Shueyville is located at 41°50′53″N, 91°38′55″W (41.848155, -91.648679)^GR1.

According to the United States Census Bureau, the city has a total area of 3.9 km² (1.5 mi²), all land.

[edit] Demographics

As of the census^GR2 of 2000, there were 250 people, 95 households, and 70 families residing in the city. The population density was 64.8/km² (167.6/mi²). There were 97 housing units at an average density of 25.1/km² (65.0/mi²). The racial makeup of the city was 99.20% White, 0.40% Asian, and 0.40% from two or more races. Hispanic or Latino of any race were 0.40% of the population.

There were 95 households out of which 35.8% had children under the age of 18 living with them, 67.4% were married couples living together, 5.3% had a female householder with no husband present, and 25.3% were non-families. 22.1% of all households were made up of individuals and 5.3% had someone living alone who was 65 years of age or older. The average household size was 2.63 and the average family size was 3.07.

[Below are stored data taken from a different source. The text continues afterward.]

lemma card_indep_sets_double_ge:
  fixes a s :: nat
  assumes "simple_graph V E" and "\<not> contains_Kss V E s" and "s \<ge> 1" and "a \<ge> 1" and "X \<subseteq> V"
    and "(2 * real a) ^ (4 * a + 10) * (4 * real s) ^ (4 * a + 2) \<le> card X"
  shows "(card X / (2 * real (2 * a) * (4 * real s) ^ (2 * a))) ^ (2 * a)
    \<le> card (indep_sets E X (2 * a))"
proof (rule card_indep_sets_ge[OF assms(1-3,5)])
  have "(4 * real s) ^ (2 * a) \<le> (4 * real s) ^ (4 * a + 2)"
    using assms(3) by (intro power_increasing) auto
  also have "\<dots> = 1 * (4 * real s) ^ (4 * a + 2)" by simp
  also have "\<dots> \<le> (2 * real a) ^ (4 * a + 10) * (4 * real s) ^ (4 * a + 2)"
    using assms(4) by (intro mult_right_mono one_le_power) auto
  finally show "(4 * real s) ^ (2 * a) \<le> card X" using assms(6) by linarith
qed simp

lemma large_independent_shadow:
  fixes \<epsilon> \<delta> :: real
  assumes "finite X" and "\<epsilon> \<ge> 0" and "\<delta> > 0" and "1 \<le> l" and "l \<le> m"
    and not_superspread: "\<And>t H. l \<le> t \<Longrightarrow> t \<le> m \<Longrightarrow> H \<noteq> {} \<Longrightarrow> H \<subseteq> indep_sets E X t
        \<Longrightarrow> \<not> superspread H \<epsilon> \<delta>"
  shows "\<exists>H. H \<subseteq> indep_sets E X (l - 1)
    \<and> (\<epsilon> * \<delta> / (2 ^ m * real m)) ^ (m - l + 1) * card (indep_sets E X m) \<le> card H"
proof -
  define F where "F = {I. I \<subseteq> X \<and> independent_set E I}"
  have indep_sets_eq: "indep_sets E X t = {T\<in>F. card T = t}" for t
    unfolding indep_sets_def F_def by auto
  have "\<exists>H. H \<subseteq> {T\<in>F. card T = m - (m - l + 1)}
    \<and> (\<epsilon> * \<delta> / (2 ^ m * real m)) ^ (m - l + 1) * card (indep_sets E X m) \<le> card H"
  proof (rule large_iterated_shadow[OF assms(1) _ _ assms(2,3), where l = "l - 1"])
    show "\<forall>T\<in>F. T \<subseteq> X" "\<And>T v. T \<in> F \<Longrightarrow> T - {v} \<in> F"
      unfolding F_def independent_set_def by auto
    fix t H assume "l - 1 < t" "t \<le> m" "H \<noteq> {}" "H \<subseteq> {T\<in>F. card T = t}"
    then show "\<not> superspread H \<epsilon> \<delta>"
      unfolding indep_sets_eq[symmetric] by (intro not_superspread) auto
  qed (use assms(4,5) indep_sets_eq in auto)
  moreover have "m - (m - l + 1) = l - 1" using assms(4,5) by simp
  ultimately show ?thesis using indep_sets_eq by simp
qed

In the city the population was spread out with 26.8% under the age of 18, 6.4% from 18 to 24, 33.2% from 25 to 44, 25.6% from 45 to 64, and 8.0% who were 65 years of age or older. The median age was 36 years. For every 100 females there were 101.6 males. For every 100 females age 18 and over, there were 101.1 males.

The median income for a household in the city was $61,875, and the median income for a family was $66,875. Males had a median income of $41,364 versus $26,136 for females. The per capita income for the city was $24,690. None of the families and 1.8% of the population were living below the poverty line.